Passamos pelo Travessão...

  Tô Bão ! 

Acordamos às quatro e meia, saímos às cinco. Novamente fomos só nós quatro: Eu, Rose, Chico e o Edwaldo, então seria mais fácil sair bem cedo. E tinha que ser assim, pois não sabíamos o que seria encontrado pela frente, e o percurso seria o dobro do normal. Entenda-se por normal o caminho mais curto por terra, claro! Eu, não sei porque, estava meio receoso, e por isso completei a caixa de ferramentas e, prá interar, peguei uma enxada na Fábrica, colocando tudo dentro do Edwaldo.

Em Lagoa Santa, um ligeiro aquecimento me fez parar. Constatei que era a tampa do radiador que tinha travado, elevando a pressão do sistema de refrigeração. Arrumei e não apareceu mais esse problema. Exatamente sobre o Rio Cipó, naquela ponte de mão única, uma rateada no motor, que parou quando virei a ignição para o platinado. Achei que era a ignição eletrônica com problemas,  pois o módulo do Edwaldo é o primeiro protótipo que fiz, e que ficou bastante fuxicado pelas modificações. Essa rateada de motor melhorou após uma limpeza do platinado. Achando que estava tudo bem, só restava aproveitar o passeio, pois o caminho é desconhecido e a região belíssima.

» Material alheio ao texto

lemma ng_in_Hom: "a \<in> Ob C \<Longrightarrow> b \<in> Ob C \<Longrightarrow> f \<in> Hom C a b \<Longrightarrow> ng C a b f \<in> Hom C a b"
  using preadditive unfolding preadditive_def by blast

lemma pls_assoc:
  "a \<in> Ob C \<Longrightarrow> b \<in> Ob C \<Longrightarrow> f \<in> Hom C a b \<Longrightarrow> g \<in> Hom C a b \<Longrightarrow> h \<in> Hom C a b \<Longrightarrow>
    pls C a b (pls C a b f g) h = pls C a b f (pls C a b g h)"
  using preadditive unfolding preadditive_def by blast

lemma pls_commute:
  "a \<in> Ob C \<Longrightarrow> b \<in> Ob C \<Longrightarrow> f \<in> Hom C a b \<Longrightarrow> g \<in> Hom C a b \<Longrightarrow> pls C a b f g = pls C a b g f"
  using preadditive unfolding preadditive_def by blast

lemma pls_zer: "a \<in> Ob C \<Longrightarrow> b \<in> Ob C \<Longrightarrow> f \<in> Hom C a b \<Longrightarrow> pls C a b (zer C a b) f = f"
  using preadditive unfolding preadditive_def by blast

lemma pls_ng: "a \<in> Ob C \<Longrightarrow> b \<in> Ob C \<Longrightarrow> f \<in> Hom C a b \<Longrightarrow> pls C a b (ng C a b f) f = zer C a b"
  using preadditive unfolding preadditive_def by blast

lemma cmp_in_Hom:
  "a \<in> Ob C \<Longrightarrow> b \<in> Ob C \<Longrightarrow> c \<in> Ob C \<Longrightarrow> f \<in> Hom C a b \<Longrightarrow> g \<in> Hom C b c \<Longrightarrow>
    cmp C a b c g f \<in> Hom C a c"
  using preadditive unfolding preadditive_def by (elim conjE) blast

lemma cmp_pls_left:
  "a \<in> Ob C \<Longrightarrow> b \<in> Ob C \<Longrightarrow> c \<in> Ob C \<Longrightarrow> f \<in> Hom C a b \<Longrightarrow> g \<in> Hom C b c \<Longrightarrow> g' \<in> Hom C b c \<Longrightarrow>
    cmp C a b c (pls C b c g g') f = pls C a c (cmp C a b c g f) (cmp C a b c g' f)"
  using preadditive unfolding preadditive_def by blast

lemma cmp_pls_right:
  "a \<in> Ob C \<Longrightarrow> b \<in> Ob C \<Longrightarrow> c \<in> Ob C \<Longrightarrow> f \<in> Hom C a b \<Longrightarrow> f' \<in> Hom C a b \<Longrightarrow> g \<in> Hom C b c \<Longrightarrow>
    cmp C a b c g (pls C a b f f') = pls C a c (cmp C a b c g f) (cmp C a b c g f')"
  using preadditive unfolding preadditive_def by blast
(* Let $R$ be a ring with unit and $C$ an arbitrary chain complex of $R$-modules. (1) Let $h \colon C \to C$ be a chain map. Then the induced map $h_* \colon T(h) \to T(h)$ is chain homotopic to the map "multiplication by $x$" on $T(h)$; in particular $h_*$ is a quasi-isomorphism. (2) Let $g, h \colon C \to C$ be chain homotopic chain maps. Then the mapping tori $T(g)$ and $T(h)$ are isomorphic chain complexes of $R[x,x^{-1}]$-modules.
   Context: For a chain map $f \colon C \to B$, the mapping cone is $\mathrm{Cone}(f)_k = C_{k-1} \oplus B_k$ with differential $(c,b) \mapsto (-\partial c, f(c) + \partial b)$. For a chain map $h \colon C \to C$ of $R$-module complexes, the algebraic mapping torus is the $R[x,x^{-1}]$-module chain complex $T(h) = \mathrm{Cone}\big( h \otimes 1 - 1 \otimes x \colon C \otimes_R R[x,x^{-1}] \to C \otimes_R R[x,x^{-1}] \big)$, where $1 \otimes x$ is right multiplication by $x$ on the second factor. A commutative square $\alpha f = g \alpha$ with $f \colon C \to C$, $g \colon D \to D$, $\alpha \colon C \to D$ induces the $R[x,x^{-1}]$-linear chain map $\alpha_* \colon T(f) \to T(g)$ given by $\alpha \otimes 1$ on both summands; in (1), $h_*$ is the map induced by the square with $\alpha = f = g = h$. *)

theory Defs
  imports Main "HOL-Library.Poly_Mapping" "HOL-Library.Product_Plus"
begin

text \<open>Laurent polynomial ring R[x,x^-1] is the group ring of the integers over R,
  realised as finitely supported functions int =>0 'r with convolution product.\<close>

type_synonym 'r laurent = "int \<Rightarrow>\<^sub>0 'r"

definition lx :: "'r::ring_1 laurent" where
  "lx = Poly_Mapping.single 1 1"

definition lmodule :: "('s::ring_1 \<Rightarrow> 'm::ab_group_add \<Rightarrow> 'm) \<Rightarrow> 'm set \<Rightarrow> bool" where
  "lmodule sc M \<longleftrightarrow>
     0 \<in> M \<and> (\<forall>x\<in>M. \<forall>y\<in>M. x + y \<in> M) \<and> (\<forall>x\<in>M. - x \<in> M) \<and>
     (\<forall>a. \<forall>x\<in>M. sc a x \<in> M) \<and>
     (\<forall>a. \<forall>x\<in>M. \<forall>y\<in>M. sc a (x + y) = sc a x + sc a y) \<and>
     (\<forall>a b. \<forall>x\<in>M. sc (a + b) x = sc a x + sc b x) \<and>
     (\<forall>a b. \<forall>x\<in>M. sc (a * b) x = sc a (sc b x)) \<and>
     (\<forall>x\<in>M. sc 1 x = x)"

definition linear_on :: "('s::ring_1 \<Rightarrow> 'm::ab_group_add \<Rightarrow> 'm) \<Rightarrow> ('s \<Rightarrow> 'n::ab_group_add \<Rightarrow> 'n)
    \<Rightarrow> 'm set \<Rightarrow> 'n set \<Rightarrow> ('m \<Rightarrow> 'n) \<Rightarrow> bool" where
  "linear_on sc sc' A B f \<longleftrightarrow>
     (\<forall>x\<in>A. f x \<in> B) \<and> (\<forall>x\<in>A. \<forall>y\<in>A. f (x + y) = f x + f y) \<and>
     (\<forall>a. \<forall>x\<in>A. f (sc a x) = sc' a (f x))"

definition chain_complex :: "('s::ring_1 \<Rightarrow> 'm::ab_group_add \<Rightarrow> 'm) \<Rightarrow> (int \<Rightarrow> 'm set)
    \<Rightarrow> (int \<Rightarrow> 'm \<Rightarrow> 'm) \<Rightarrow> bool" where
  "chain_complex sc C d \<longleftrightarrow>
     (\<forall>k. lmodule sc (C k)) \<and> (\<forall>k. linear_on sc sc (C k) (C (k - 1)) (d k)) \<and>
     (\<forall>k. \<forall>x\<in>C k. d (k - 1) (d k x) = 0)"

definition chain_map :: "('s::ring_1 \<Rightarrow> 'm::ab_group_add \<Rightarrow> 'm) \<Rightarrow> ('s \<Rightarrow> 'n::ab_group_add \<Rightarrow> 'n)
    \<Rightarrow> (int \<Rightarrow> 'm set) \<Rightarrow> (int \<Rightarrow> 'm \<Rightarrow> 'm) \<Rightarrow> (int \<Rightarrow> 'n set) \<Rightarrow> (int \<Rightarrow> 'n \<Rightarrow> 'n)
    \<Rightarrow> (int \<Rightarrow> 'm \<Rightarrow> 'n) \<Rightarrow> bool" where
  "chain_map sc sc' C d D e f \<longleftrightarrow>
     (\<forall>k. linear_on sc sc' (C k) (D k) (f k)) \<and>
     (\<forall>k. \<forall>x\<in>C k. e k (f k x) = f (k - 1) (d k x))"

definition chain_homotopic :: "('s::ring_1 \<Rightarrow> 'm::ab_group_add \<Rightarrow> 'm) \<Rightarrow> ('s \<Rightarrow> 'n::ab_group_add \<Rightarrow> 'n)
    \<Rightarrow> (int \<Rightarrow> 'm set) \<Rightarrow> (int \<Rightarrow> 'm \<Rightarrow> 'm) \<Rightarrow> (int \<Rightarrow> 'n set) \<Rightarrow> (int \<Rightarrow> 'n \<Rightarrow> 'n)
    \<Rightarrow> (int \<Rightarrow> 'm \<Rightarrow> 'n) \<Rightarrow> (int \<Rightarrow> 'm \<Rightarrow> 'n) \<Rightarrow> bool" where
  "chain_homotopic sc sc' C d D e f g \<longleftrightarrow>
     chain_map sc sc' C d D e f \<and> chain_map sc sc' C d D e g \<and>
     (\<exists>s. (\<forall>k. linear_on sc sc' (C k) (D (k + 1)) (s k)) \<and>
          (\<forall>k. \<forall>x\<in>C k. f k x - g k x = e (k + 1) (s k x) + s (k - 1) (d k x)))"
(* In the $N$-body setting of the context, let $\mathcal S$ be any set of particle pairs, enumerated in any order, and define $$\psi^{\mathrm{[KDBK]^2}}_h=e^{\frac h6\hat V_c}\,\phi^{\dagger s}_{h/2}\,e^{\frac{2h}3\hat V_c}\,\phi^s_{h/2}\,e^{\frac h6\hat V_c}.$$ Then $$H^{\mathrm{[KDBK]^2}}_{\mathrm{err}}=\frac{h^2}{48}\{\{T,V_s\},V_s\}_3+\frac{h^2}{72}\{\{T,V_c\},V_c\}+\mathcal O(h^4);$$ in particular no term $\{\{T,V_s\},V_c\}$ appears at order $h^2$.
   Context: Particles $i=1,\dots,N$ with masses $m_i>0$, positions $\vec x_i$, momenta $\vec p_i$ in $\mathbb R^3$; $G_N>0$. $T_i=\vec p_i^{\,2}/(2m_i)$, $T=\sum_iT_i$, $V_{ij}=-G_Nm_im_j/|\vec x_i-\vec x_j|$, $V=\sum_{i<j}V_{ij}$, $H=T+V$. $\mathcal S$ is a set of unordered pairs $\{i,j\}$; $V_s=\sum_{\{i,j\}\in\mathcal S}V_{ij}$, $V_c=V-V_s$. Poisson bracket $\{A,B\}=\sum_i(\partial_{\vec x_i}A\cdot\partial_{\vec p_i}B-\partial_{\vec p_i}A\cdot\partial_{\vec x_i}B)$; Lie operator $\hat Ff=\{f,F\}$, $e^{t\hat F}=\sum_kt^k\hat F^k/k!$; $[\hat A,\hat B]=\widehat{\{B,A\}}$. The surrogate Hamiltonian $\tilde H$ of a product $\Psi_h$ of such exponentials is the formal power series in $h$ with $\Psi_h=\exp(h\widehat{\tilde H})$ from the Baker–Campbell–Hausdorff formula; $H_{\mathrm{err}}=\tilde H-H$; $\mathcal O(h^k)$ means terms of order $\ge k$. Enumerate $\mathcal S$ as $(i_n,j_n)$, $n=1,\dots,K_s$; $H_n=T_{i_n}+T_{j_n}+V_{i_nj_n}$; $B_n(h)=e^{h\hat H_n}e^{-h(\hat T_{i_n}+\hat T_{j_n})}$, $B_n^\dagger(h)=e^{-h(\hat T_{i_n}+\hat T_{j_n})}e^{h\hat H_n}$; $\psi^{W_s}_h=B_{K_s}(h)\cdots B_1(h)$, $\psi^{\dagger W_s}_h=B_1^\dagger(h)\cdots B_{K_s}^\dagger(h)$; $\phi^s_h=\psi^{W_s}_he^{h\hat T}$, $\phi^{\dagger s}_h=e^{h\hat T}\psi^{\dagger W_s}_h$. $\{\{T,V_s\},V_s\}_3=\{\{T,V_s\},V_s\}-\sum_{\{i,j\}\in\mathcal S}\{\{T,V_{ij}\},V_{ij}\}$. *)

theory Defs
  imports "HOL-Analysis.Analysis"
begin

text \<open>Particles are indexed by a finite type 'n (N = CARD('n)).
  A phase-space point is a pair (positions, momenta).\<close>

type_synonym 'n phase = "('n \<Rightarrow> real^3) \<times> ('n \<Rightarrow> real^3)"

definition dxi :: "('n phase \<Rightarrow> real) \<Rightarrow> 'n \<Rightarrow> 3 \<Rightarrow> 'n phase \<Rightarrow> real" where
  "dxi F i k z = deriv (\<lambda>t. F ((fst z)(i := fst z i + t *\<^sub>R axis k 1), snd z)) 0"

definition dpi :: "('n phase \<Rightarrow> real) \<Rightarrow> 'n \<Rightarrow> 3 \<Rightarrow> 'n phase \<Rightarrow> real" where
  "dpi F i k z = deriv (\<lambda>t. F (fst z, (snd z)(i := snd z i + t *\<^sub>R axis k 1))) 0"

definition poisson :: "('n::finite phase \<Rightarrow> real) \<Rightarrow> ('n phase \<Rightarrow> real) \<Rightarrow> 'n phase \<Rightarrow> real" where
  "poisson A B z = (\<Sum>i\<in>UNIV. \<Sum>k\<in>UNIV. dxi A i k z * dpi B i k z - dpi A i k z * dxi B i k z)"

text \<open>Lie bracket of functions corresponding to the commutator of Lie operators:
  [A^,B^] = ({B,A})^.\<close>
definition lb :: "('n::finite phase \<Rightarrow> real) \<Rightarrow> ('n phase \<Rightarrow> real) \<Rightarrow> 'n phase \<Rightarrow> real" where
  "lb A B = poisson B A"
text \<open>Configurations are encoded by the number \<open>ns ! j\<close> of bins already removed from \<open>Q ! j\<close>.\<close>

definition remaining :: "nat list \<Rightarrow> 'b list list" where
  "remaining ns = map (\<lambda>j. drop (ns ! j) (Q ! j)) [0..<length Q]"

lemma remaining_nth: "j < length Q \<Longrightarrow> remaining ns ! j = drop (ns ! j) (Q ! j)"
  by (simp add: remaining_def)

lemma remaining_start: "remaining (replicate (length Q) 0) = Q"
  by (auto simp: remaining_def intro!: nth_equalityI)

lemma remaining_final:
  "\<forall>j < length Q. length (Q ! j) \<le> ns ! j \<Longrightarrow> remaining ns = replicate (length Q) []"
  by (auto simp: remaining_def intro!: nth_equalityI)

lemma trans_step_remaining:
  assumes "length ns = length Q" "j < length Q" "ns ! j < length (Q ! j)"
  shows "trans_step (remaining ns) (remaining (ns[j := Suc (ns ! j)]))"
proof -
  have "remaining (ns[j := Suc (ns ! j)]) = (remaining ns)[j := drop (Suc (ns ! j)) (Q ! j)]"
    using assms by (auto simp: remaining_def nth_list_update intro!: nth_equalityI)
  moreover have "tl (remaining ns ! j) = drop (Suc (ns ! j)) (Q ! j)"
    using assms by (simp add: remaining_nth drop_Suc tl_drop)
  moreover have "remaining ns ! j \<noteq> []"
    using assms by (simp add: remaining_nth)
  ultimately show ?thesis
    unfolding trans_step_def using assms by (auto simp: remaining_def)
qed

definition remaining_bins :: "nat list \<Rightarrow> nat" where
  "remaining_bins ns = (\<Sum>j < length Q. length (Q ! j) - ns ! j)"

lemma remaining_bins_decreasing:
  "length ns = length Q \<Longrightarrow> j < length Q \<Longrightarrow> ns ! j < length (Q ! j) \<Longrightarrow>
     remaining_bins (ns[j := Suc (ns ! j)]) < remaining_bins ns"
  unfolding remaining_bins_def by (rule sum_strict_mono_ex1) (auto simp: nth_list_update)

lemma later_bin_in_later_bag:
  assumes "j < length Q" "ns ! j \<le> i" "i < length (Q ! j)"
  shows "\<exists>l. first_bag (plt (Q ! j ! (ns ! j))) \<le> l \<and> l < length X \<and> plt (Q ! j ! i) \<in> X ! l"
proof (cases "plt (Q ! j ! (ns ! j)) = plt (Q ! j ! i)")
  case True
  then show ?thesis
    using first_bag plt_nth_in_plts assms by (metis le_refl)
next
  case False
  with assms have "ns ! j < i" by (metis le_neq_implies_less)
  with False assms have "(plt (Q ! j ! (ns ! j)), plt (Q ! j ! i)) \<in> seq_arcs plt Q"
    unfolding seq_arcs_def by (auto intro!: nth_mem)
  then obtain a b where "a \<le> b" "b < length X"
    "plt (Q ! j ! (ns ! j)) \<in> X ! a" "plt (Q ! j ! i) \<in> X ! b"
    using arc_in_bags by blast
  then show ?thesis
    by (intro exI[of _ b]) (auto dest: first_bag_le)
qed

definition greedy_inv :: "nat \<Rightarrow> nat list \<Rightarrow> bool" where
  "greedy_inv k ns \<longleftrightarrow> k < length X \<and> length ns = length Q \<and>
     (\<forall>j < length Q. \<forall>i < length (Q ! j). i < ns ! j \<longrightarrow> first_bag (plt (Q ! j ! i)) \<le> k) \<and>
     (\<forall>j < length Q. \<forall>i < length (Q ! j). ns ! j \<le> i \<longrightarrow>
        (\<exists>l. k \<le> l \<and> l < length X \<and> plt (Q ! j ! i) \<in> X ! l))"

lemma greedy_inv_start: "greedy_inv 0 (replicate (length Q) 0)"
  unfolding greedy_inv_def
proof (intro conjI allI impI)
  show "0 < length X"
    using dpd by (simp add: is_dpd_def)
  fix j i
  assume "j < length Q" "i < length (Q ! j)"
  then show "\<exists>l. 0 \<le> l \<and> l < length X \<and> plt (Q ! j ! i) \<in> X ! l"
    using plts_in_some_bag plt_nth_in_plts by blast
qed auto

lemma open_plts_subset_bag:
  assumes inv: "greedy_inv k ns"
  shows "open_plts plt Q (remaining ns) \<subseteq> X ! k"
proof
  fix t assume "t \<in> open_plts plt Q (remaining ns)"
  then obtain i a j c where i: "i < length Q" "ns ! i \<le> a" "a < length (Q ! i)" "plt (Q ! i ! a) = t"
    and j: "j < length Q" "c < ns ! j" "c < length (Q ! j)" "plt (Q ! j ! c) = t"
    by (auto simp: open_plts_def remaining_nth seq_minus_drop
        in_set_drop_conv_nth in_set_take_conv_nth)
  have "first_bag t \<le> k"
    using inv j unfolding greedy_inv_def by auto
  moreover obtain l where "k \<le> l" "l < length X" "t \<in> X ! l"
    using inv i unfolding greedy_inv_def by blast
  moreover have "t \<in> X ! first_bag t"
    using first_bag plt_nth_in_plts j by blast
  ultimately show "t \<in> X ! k"
    using bag_interval by blast
qed

lemma card_open_plts_le:
  "greedy_inv k ns \<Longrightarrow> card (open_plts plt Q (remaining ns)) \<le> Max (card ` set X)"
proof -
  assume inv: "greedy_inv k ns"
  then have k: "k < length X"
    by (simp add: greedy_inv_def)
  have "card (open_plts plt Q (remaining ns)) \<le> card (X ! k)"
    using open_plts_subset_bag[OF inv] finite_bag[OF k] by (rule card_mono[rotated])
  also have "\<dots> \<le> Max (card ` set X)"
    using k by (rule card_nth_le_Max_card)
  finally show ?thesis .
qed

lemma greedy_inv_step:
  assumes inv: "greedy_inv k ns" and j0: "j0 < length Q" "ns ! j0 < length (Q ! j0)"
    and least: "\<And>j. j < length Q \<Longrightarrow> ns ! j < length (Q ! j) \<Longrightarrow>
                  first_bag (plt (Q ! j0 ! (ns ! j0))) \<le> first_bag (plt (Q ! j ! (ns ! j)))"
  shows "greedy_inv (max k (first_bag (plt (Q ! j0 ! (ns ! j0))))) (ns[j0 := Suc (ns ! j0)])"
proof -
  define g where "g = first_bag (plt (Q ! j0 ! (ns ! j0)))"
  define ns' where "ns' = ns[j0 := Suc (ns ! j0)]"
  have len: "length ns = length Q"
    using inv by (simp add: greedy_inv_def)
  have removed: "first_bag (plt (Q ! j ! i)) \<le> max k g"
    if "j < length Q" "i < length (Q ! j)" "i < ns' ! j" for j i
  proof (cases "j = j0 \<and> i = ns ! j0")
    case False
    with that len j0 have "i < ns ! j"
      by (auto simp: ns'_def nth_list_update split: if_splits)
    with inv that show ?thesis
      unfolding greedy_inv_def by fastforce
  qed (simp add: g_def)
  have remains: "\<exists>l. max k g \<le> l \<and> l < length X \<and> plt (Q ! j ! i) \<in> X ! l"
    if j: "j < length Q" and i_len: "i < length (Q ! j)" and "ns' ! j \<le> i" for j i
  proof -
    from that len j0 have i: "ns ! j \<le> i"
      by (auto simp: ns'_def nth_list_update split: if_splits)
    show ?thesis
    proof (cases "g \<le> k")
      case True
      with inv j i_len i show ?thesis
        unfolding greedy_inv_def by (simp add: max_def)
    next
      case False
      have "g \<le> first_bag (plt (Q ! j ! (ns ! j)))"
        using least j i i_len g_def by simp
      moreover obtain l where "first_bag (plt (Q ! j ! (ns ! j))) \<le> l" "l < length X"
        "plt (Q ! j ! i) \<in> X ! l"
        using later_bin_in_later_bag[OF j i i_len] by blast
      ultimately show ?thesis
        using False by (intro exI[of _ l]) auto
    qed
  qed
  have "max k g < length X"
    using inv first_bag plt_nth_in_plts[OF j0] by (simp add: greedy_inv_def g_def)
  with removed remains len show ?thesis
    unfolding greedy_inv_def ns'_def g_def by simp
qed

Descobrimos uma cachoeira e um pequeno cânion, e passamos próximos ao Vale do Travessão, sempre margeando o Parque Nacional do Cipó, rodando somente por estradas muito pouco utilizadas. O mais marcante dessa viagem foram as travessias a vau no Rio de Peixe, com suas águas minerais claríssimas. Esse rio é mesmo diferente de tudo que tem por lá. No Espinhaço, normalmente os rios são cor de caramelo, devido ao alto teor de enxofre. Já esse não!... É límpido, apesar de nascer muito próximo ao Rio Preto, que pelo nome já dá para notar que tem águas muito escuras. Mas essa escuridão das águas que normalmente se encontra pela Serra do Espinhaço afora não quer dizer nada. Elas são só escuras, mas também cristalinas. Também não posso esquecer o mar de Ipê Amarelo, todos floridos, que nos cercou durante toda a viagem.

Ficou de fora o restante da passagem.